# MATERIAL TO PROCESS
lemma (in subgroup) rcos_eq_iff:
  assumes G: "group G" and x: "x \<in> carrier G" and y: "y \<in> carrier G"
  shows "H #> x = H #> y \<longleftrightarrow> x \<otimes> inv y \<in> H"
proof
  assume "H #> x = H #> y"
  then have "x \<in> H #> y" using group.rcos_self[OF G x subgroup_axioms] by simp
  then show "x \<otimes> inv y \<in> H" using rcos_module_imp[OF G y] by blast
next
  assume "x \<otimes> inv y \<in> H"
  then have "x \<in> H #> y" using rcos_module_rev[OF G y x] by blast
  then show "H #> x = H #> y" using group.repr_independence[OF G _ y subgroup_axioms] by simp
qed

lemma (in group_hom) subgroup_iso_of_inj:
  assumes "inj_on h (carrier G)"
  shows "\<exists>K. subgroup K H \<and> H\<lparr>carrier := K\<rparr> \<cong> G"
proof -
  have "h \<in> iso G (H\<lparr>carrier := h ` carrier G\<rparr>)"
    using assms by (auto simp: iso_def hom_def bij_betw_def)
  then have "H\<lparr>carrier := h ` carrier G\<rparr> \<cong> G"
    using G.iso_sym by (auto simp: is_iso_def)
  then show ?thesis using img_is_subgroup by blast
qed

# PROBLEM TO SOLVE
Look through the lines above and collect those with the word "cong".

# YOUR RESPONSE
  shows "\<exists>K. subgroup K H \<and> H\<lparr>carrier := K\<rparr> \<cong> G"
  then have "H\<lparr>carrier := h ` carrier G\<rparr> \<cong> G"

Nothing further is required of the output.